Climate Change Revisited

The recent weather catastrophe that struck an area of the United States where some fifty million individuals reside brings to the forefront once again the issue of climate change.  The storm surge precipitated by the hurricane referred to as, "Sandy," was unprecedented in its severity for this region of the country.  The damage that it wrought in both its physical manifestations and its emotional impact on the lives of those directly affected together with the mounting cumulative evidence including extreme hot weather, droughts, the frequency and severity of forest fires, etc. are representative of the expected consequences of the ever-increasing concentration of greenhouse gases in the atmosphere as predicted by sophisticated computer-modeling developed by climate scientists.   

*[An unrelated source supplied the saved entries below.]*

(*
  Set-homogeneity makes Aut(X, E) transitive on t-subsets for every t < k, in particular on
  points and on unordered pairs, so it is 2-transitive as soon as every pair can be swapped;
  when |X| <= k every permutation is an automorphism. Otherwise suppose no automorphism swaps
  a and b. The orbit of (a, b) is then an invariant tournament which is vertex- and
  arc-transitive, hence regular, and the stabiliser of a is transitive on the out- and on the
  in-neighbourhood of a; each of them therefore contains a cyclic triangle. No automorphism maps
  a cyclic triangle onto one with a source. For k > 3 both kinds of triangle are edgeless, which
  contradicts homogeneity on 3-sets; for k = 3 the edges among triples are exactly the triples
  of one kind. In that case a together with a cyclic triangle of out-neighbours and a together
  with a cyclic triangle of in-neighbours span isomorphic 4-sets, although only the first one
  has a vertex dominating the other three.
*)

lemma hg_autI:
  "bij_betw g X X \<Longrightarrow> (\<And>e. e \<subseteq> X \<Longrightarrow> g ` e \<in> E \<longleftrightarrow> e \<in> E) \<Longrightarrow> g \<in> hg_aut X E"
  unfolding hg_aut_def induced_iso_def by blast

lemma hg_aut_bij: "g \<in> hg_aut X E \<Longrightarrow> bij_betw g X X"
  unfolding hg_aut_def induced_iso_def by blast

lemma hg_aut_edge_iff: "g \<in> hg_aut X E \<Longrightarrow> e \<subseteq> X \<Longrightarrow> g ` e \<in> E \<longleftrightarrow> e \<in> E"
  unfolding hg_aut_def induced_iso_def by blast

lemma hg_aut_in: "g \<in> hg_aut X E \<Longrightarrow> x \<in> X \<Longrightarrow> g x \<in> X"
  using hg_aut_bij bij_betwE by blast

lemma hg_aut_surj: "g \<in> hg_aut X E \<Longrightarrow> w \<in> X \<Longrightarrow> \<exists>u\<in>X. w = g u"
  using hg_aut_bij[of g X E] by (auto simp: bij_betw_def)

lemma hg_aut_image_subset: "g \<in> hg_aut X E \<Longrightarrow> e \<subseteq> X \<Longrightarrow> g ` e \<subseteq> X"
  using hg_aut_in[of g X E] by blast

lemma hg_aut_comp:
  assumes g: "g \<in> hg_aut X E" and h: "h \<in> hg_aut X E"
  shows "g \<circ> h \<in> hg_aut X E"
proof -
  have "bij_betw (g \<circ> h) X X"
    using hg_aut_bij[OF g] hg_aut_bij[OF h] bij_betw_trans by blast
  moreover have "(g \<circ> h) ` e \<in> E \<longleftrightarrow> e \<in> E" if e: "e \<subseteq> X" for e
    using hg_aut_edge_iff[OF g hg_aut_image_subset[OF h e]] hg_aut_edge_iff[OF h e]
    by (simp add: image_comp)
  ultimately show ?thesis by (rule hg_autI)
qed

I have eluded to some of these factors in previous reports, that show a connection between increased surface temperature of the oceans and the expected increased severity and possible frequency of hurricanes and typhoons that derive their energy from ocean temperature. I would like to take this opportunity, however, to address a very particular aspect of climate change that may directly relate to extreme weather conditions more likely to impact global weather patterns in the more distant future..


Since the upper layers of the ocean have direct interaction with the atmosphere, changes in this upper level have a direct bearing on climate over shorter periods of time (decades).  However, deep ocean circulation has a direct influence over future climate conditions.  For water to sink from the ocean's surface to the deeper ocean, it must be more dense – the two criteria that meet this requirement are temperature and salt content i.e. the water must be cold and salty.  The water in the Atlantic Ocean and the Greenland Sea – between Greenland and the Scandinavian countries –  and the ocean around Antarctica are large bodies of water that meet these requirements.  This deep dense water contributes to the deep water circulation that is global in extent.  This process is knows at the thermohaline circulation (THC).  It is important to understand that the THC influences global climate by transporting heat and freshwater between the oceans globally.

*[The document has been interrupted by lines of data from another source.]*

lemma lca_commute: "lca T x y = lca T y x"
  unfolding lca_def by (simp add: conj_commute conj_left_commute)

definition ultrametric_on :: "'a set \<Rightarrow> ('a \<Rightarrow> 'a \<Rightarrow> real) \<Rightarrow> bool" where
  "ultrametric_on V f \<longleftrightarrow>
     (\<forall>x\<in>V. \<forall>y\<in>V. f x y = f y x) \<and>
     (\<forall>x\<in>V. \<forall>y\<in>V. \<forall>z\<in>V. f x z \<le> max (f x y) (f y z))"

lemma ultrametric_on_subset: "ultrametric_on W f \<Longrightarrow> V \<subseteq> W \<Longrightarrow> ultrametric_on V f"
  unfolding ultrametric_on_def by blast

lemma ultrametric_on_comp:
  "ultrametric_on W f \<Longrightarrow> g ` V \<subseteq> W \<Longrightarrow> ultrametric_on V (\<lambda>x y. f (g x) (g y))"
  unfolding ultrametric_on_def by (simp add: image_subset_iff)

lemma time_lca_ultrametric:
  assumes T: "planted_phylo_tree T" and \<tau>: "time_map T \<tau>"
  shows "ultrametric_on (verts T) (\<lambda>x y. \<tau> (lca T x y))"
  unfolding ultrametric_on_def
proof (intro conjI ballI)
  fix x y z assume xyz: "x \<in> verts T" "y \<in> verts T" "z \<in> verts T"
  note lca = prec_eq_lca1[OF T \<tau>] prec_eq_lca2[OF T \<tau>] lca_least[OF T \<tau>]
  have "prec_eq T (lca T x y) (lca T y z) \<or> prec_eq T (lca T y z) (lca T x y)"
    using ancestors_comparable[OF T] lca xyz by blast
  then have "prec_eq T (lca T x z) (lca T y z) \<or> prec_eq T (lca T x z) (lca T x y)"
    using lca xyz by (meson prec_eq_trans)
  then show "\<tau> (lca T x z) \<le> max (\<tau> (lca T x y)) (\<tau> (lca T y z))"
    using time_map_mono[OF \<tau>] by fastforce
qed (simp add: lca_commute)

lemma elem_prec_eq_refl: "planted_phylo_tree T \<Longrightarrow> is_elem T A \<Longrightarrow> elem_prec_eq T A A"
  by (cases A) (auto simp: is_elem_def prec_eq_refl dest: arc_in_verts)

lemma parents_prec_eq_if_children:
  assumes T: "planted_phylo_tree T" and arcs: "(u, v) \<in> arcs T" "(a, b) \<in> arcs T"
    and "prec_eq T v b"
  shows "prec_eq T u a"
proof (cases "v = b")
  case True
  then have "(a, v) \<in> arcs T"
    using arcs(2) by simp
  then show ?thesis
    using parent_unique[OF T arcs(1)] arc_in_verts[OF T arcs(1)] by (simp add: prec_eq_refl)
next
  case False
  then show ?thesis
    using parent_prec_eq_if_prec[OF T arcs(1) \<open>prec_eq T v b\<close>] arc_prec_eq[OF T arcs(2)]
    by (blast intro: prec_eq_trans)
qed

lemma elem_prec_eq_trans:
  assumes T: "planted_phylo_tree T" and "elem_prec_eq T A B" "elem_prec_eq T B C"
  shows "elem_prec_eq T A C"
  using assms(2,3)
  by (cases A; cases B; cases C; auto)
    (meson arc_prec_eq[OF T] parents_prec_eq_if_children[OF T] prec_eq_trans)+

definition time_within :: "('a \<Rightarrow> real) \<Rightarrow> 'a elem \<Rightarrow> real \<Rightarrow> bool" where
  "time_within \<tau> A t \<longleftrightarrow> (case A of Inl v \<Rightarrow> \<tau> v = t | Inr (u, v) \<Rightarrow> \<tau> v < t \<and> t < \<tau> u)"

lemma elem_prec_time_less:
  assumes T: "planted_phylo_tree T" and \<tau>: "time_map T \<tau>"
    and AB: "elem_prec_eq T A B" "A \<noteq> B"
    and times: "time_within \<tau> A s" "time_within \<tau> B t"
  shows "s < t"
proof -
  consider (vertices) x y where "A = Inl x" "B = Inl y"
    | (vertex_arc) x p q where "A = Inl x" "B = Inr (p, q)"
    | (arc_vertex) p q y where "A = Inr (p, q)" "B = Inl y"
    | (arcs) p q p' q' where "A = Inr (p, q)" "B = Inr (p', q')"
    by (cases A; cases B; auto)
  then show ?thesis
  proof cases
    case vertices
    then show ?thesis
      using AB times \<tau> unfolding time_map_def prec_def time_within_def by auto
  next
    case vertex_arc
    then show ?thesis
      using AB times time_map_mono[OF \<tau>, of x q] unfolding time_within_def by auto
  next
    case arc_vertex
    then show ?thesis
      using AB times time_map_mono[OF \<tau>, of p y] unfolding time_within_def by auto
  next
    case arcs
    then have arcs_pq: "(p, q) \<in> arcs T" "(p', q') \<in> arcs T" and "prec_eq T q q'"
      using AB by auto
    moreover have "q \<noteq> q'"
      using parent_unique[OF T] arcs_pq AB arcs by blast
    ultimately have "prec_eq T p q'"
      using parent_prec_eq_if_prec[OF T] by blast
    then show ?thesis
      using arcs times time_map_mono[OF \<tau>, of p q'] unfolding time_within_def by auto
  qed
qed

lemma lca_below_elem:
  assumes "planted_phylo_tree T" "time_map T \<tau>" "x \<in> verts T" "y \<in> verts T"
    and "elem_prec_eq T (Inl x) A" "elem_prec_eq T (Inl y) A"
  shows "elem_prec_eq T (Inl (lca T x y)) A"
  using assms(5,6) lca_least[OF assms(1-4)] by (cases A) auto

lemma time_le_if_below_elem:
  assumes "time_map T \<tau>" "elem_prec_eq T (Inl v) A" "time_within \<tau> A t"
  shows "\<tau> v \<le> t"
  using assms(2,3) time_map_mono[OF assms(1)] unfolding time_within_def
  by (cases A) force+

lemma relaxed_scenario_time_within:
  "relaxed_scenario T S \<sigma> \<mu> \<tau>T \<tau>S \<Longrightarrow> x \<in> verts T \<Longrightarrow> time_within \<tau>S (\<mu> x) (\<tau>T x)"
  unfolding relaxed_scenario_def time_within_def by (auto split: sum.split)

text \<open>Otherwise comparability leaves \<open>\<mu> u\<close> strictly below \<open>\<mu> v\<close>, and the time
  constraints would give \<open>\<tau>\<^sub>T u < \<tau>\<^sub>T v\<close> although \<open>u\<close> is the parent of \<open>v\<close>.\<close>

lemma elem_prec_eq_image_arc:
  assumes rs: "relaxed_scenario T S \<sigma> \<mu> \<tau>T \<tau>S"
    and arc: "(u, v) \<in> arcs T" and not_HGT: "\<not> HGT_edge T S \<mu> (u, v)"
  shows "elem_prec_eq S (\<mu> v) (\<mu> u)"
proof (rule ccontr)
  assume not_below: "\<not> elem_prec_eq S (\<mu> v) (\<mu> u)"
  have T: "planted_phylo_tree T" and S: "planted_phylo_tree S"
    and \<tau>T: "time_map T \<tau>T" and \<tau>S: "time_map S \<tau>S"
    using rs unfolding relaxed_scenario_def by blast+
  have "comparable S (\<mu> u) (\<mu> v)"
    using not_HGT arc unfolding HGT_edge_def by simp
  then have above: "elem_prec_eq S (\<mu> u) (\<mu> v)" and "\<mu> u \<noteq> \<mu> v"
    using not_below unfolding comparable_def by auto
  moreover have "u \<in> verts T" "v \<in> verts T"
    using arc_in_verts[OF T arc] by auto
  ultimately have "\<tau>T u < \<tau>T v"
    using elem_prec_time_less[OF S \<tau>S] relaxed_scenario_time_within[OF rs] by blast
  moreover have "prec T v u"
    using arc_prec_eq[OF T arc] \<open>\<mu> u \<noteq> \<mu> v\<close> unfolding prec_def by blast
  ultimately show False
    using \<tau>T unfolding time_map_def by fastforce
qed

lemma elem_prec_eq_image:
  assumes rs: "relaxed_scenario T S \<sigma> \<mu> \<tau>T \<tau>S"
    and no_HGT: "\<forall>e \<in> arcs T. \<not> HGT_edge T S \<mu> e"
    and "prec_eq T y x"
  shows "elem_prec_eq S (\<mu> y) (\<mu> x)"
proof -
  have S: "planted_phylo_tree S" and \<mu>: "\<forall>x \<in> verts T. is_elem S (\<mu> x)"
    using rs unfolding relaxed_scenario_def by blast+
  have "(x, y) \<in> (arcs T)\<^sup>*" and x: "x \<in> verts T"
    using assms(3) unfolding prec_eq_def by auto
  then show ?thesis
  proof (induction rule: rtrancl_induct)
    case base
    then show ?case
      using elem_prec_eq_refl[OF S] \<mu> x by blast
  next
    case (step v w)
    then show ?case
      using elem_prec_eq_image_arc[OF rs] no_HGT elem_prec_eq_trans[OF S] by blast
  qed
qed

lemma time_lca_species_le:
  assumes rs: "relaxed_scenario T S \<sigma> \<mu> \<tau>T \<tau>S"
    and no_HGT: "\<forall>e \<in> arcs T. \<not> HGT_edge T S \<mu> e"
    and x: "x \<in> leaves T" and y: "y \<in> leaves T"
  shows "\<tau>S (lca S (\<sigma> x) (\<sigma> y)) \<le> \<tau>T (lca T x y)"
proof -
  have T: "planted_phylo_tree T" and S: "planted_phylo_tree S"
    and \<tau>T: "time_map T \<tau>T" and \<tau>S: "time_map S \<tau>S"
    and \<sigma>: "\<sigma> ` leaves T \<subseteq> leaves S" and \<mu>_leaf: "\<forall>x \<in> leaves T. \<mu> x = Inl (\<sigma> x)"
    using rs unfolding relaxed_scenario_def by blast+
  have xy: "x \<in> verts T" "y \<in> verts T" and \<sigma>xy: "\<sigma> x \<in> verts S" "\<sigma> y \<in> verts S"
    using x y \<sigma> unfolding leaves_def by auto
  define z where "z = lca T x y"
  have z: "z \<in> verts T"
    using prec_eq_lca1[OF T \<tau>T xy] unfolding z_def prec_eq_def by blast
  have "elem_prec_eq S (Inl (\<sigma> x)) (\<mu> z)" "elem_prec_eq S (Inl (\<sigma> y)) (\<mu> z)"
    using elem_prec_eq_image[OF rs no_HGT] prec_eq_lca1[OF T \<tau>T xy] prec_eq_lca2[OF T \<tau>T xy]
      \<mu>_leaf x y unfolding z_def by metis+
  then have "elem_prec_eq S (Inl (lca S (\<sigma> x) (\<sigma> y))) (\<mu> z)"
    by (rule lca_below_elem[OF S \<tau>S \<sigma>xy])
  then show ?thesis
    using time_le_if_below_elem[OF \<tau>S] relaxed_scenario_time_within[OF rs z]
    unfolding z_def by blast
qed

lemma ultrametric_tight_sides_equal:
  assumes d: "ultrametric_on V d" and D: "ultrametric_on V D"
    and V: "x \<in> V" "y \<in> V" "z \<in> V"
    and tight: "d x y = D x y" "d y z = D y z" and slack: "d x z < D x z"
  shows "D x y = D y z"
proof -
  have "D x y \<le> max (D x z) (D z y)" "D y z \<le> max (D y x) (D x z)"
    "D x z \<le> max (D x y) (D y z)" "d x y \<le> max (d x z) (d z y)" "d y z \<le> max (d y x) (d x z)"
    using d D V unfolding ultrametric_on_def by blast+
  moreover have "D z y = D y z" "D y x = D x y" "d z y = d y z" "d y x = d x y"
    using d D V unfolding ultrametric_on_def by blast+
  ultimately show ?thesis
    using tight slack by (smt (verit))
qed

lemma agreement_graph_cograph:
  assumes d: "ultrametric_on V d" and D: "ultrametric_on V D"
    and le: "\<forall>x\<in>V. \<forall>y\<in>V. d x y \<le> D x y"
    and E: "\<forall>x\<in>V. \<forall>y\<in>V. x \<noteq> y \<longrightarrow> (E x y \<longleftrightarrow> d x y = D x y)"
  shows "cograph V E"
proof -
  have False
    if V: "w \<in> V" "x \<in> V" "y \<in> V" "z \<in> V" and "distinct [w, x, y, z]"
      and "E w x" "E x y" "E y z" "\<not> E w y" "\<not> E x z" "\<not> E w z" for w x y z
  proof -
    have tight: "d w x = D w x" "d x y = D x y" "d y z = D y z"
      and slack: "d w y < D w y" "d x z < D x z" "d w z < D w z"
      using that le E by (auto simp: order.strict_iff_order)
    define m where "m = D w x"
    have "D x y = m"
      using ultrametric_tight_sides_equal[OF d D V(1-3) tight(1,2) slack(1)] unfolding m_def ..
    also have "D x y = D y z"
      using ultrametric_tight_sides_equal[OF d D V(2-4) tight(2,3) slack(2)] .
    finally have "D y z = m" .
    have "D w y \<le> max (D w x) (D x y)" "D w z \<le> max (D w y) (D y z)"
      "d y z \<le> max (d y w) (d w z)" "d y w = d w y"
      using d D V unfolding ultrametric_on_def by blast+
    then show False
      using \<open>D y z = m\<close> \<open>D x y = D y z\<close> tight slack unfolding m_def by (smt (verit))
  qed
  then show ?thesis
    unfolding cograph_def by blast
qed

As ice melts as a direct consequence of the level of greenhouse gases in the atmosphere, the water in its immediate vicinity becomes less dense as a result of simple dilution.  As a consequence, such water will be less likely to sink to the deep ocean.  Consequently, this weakening of the THC, lessens the heat flow from the tropics to the North Atlantic.  It is anticipated that if the level of greenhouse gases is allowed to increase unabated over the long term, the THC would be expected to breakdown entirely.  If this should happen, the winters in the North Atlantic and Western Europe could be become extremely severe.


This kind of scientific analysis demonstrates that if humanity fails to address the problem of greenhouse gas emission in a meaningful way, both the near term and long term effects could prove disastrous to life as we know it.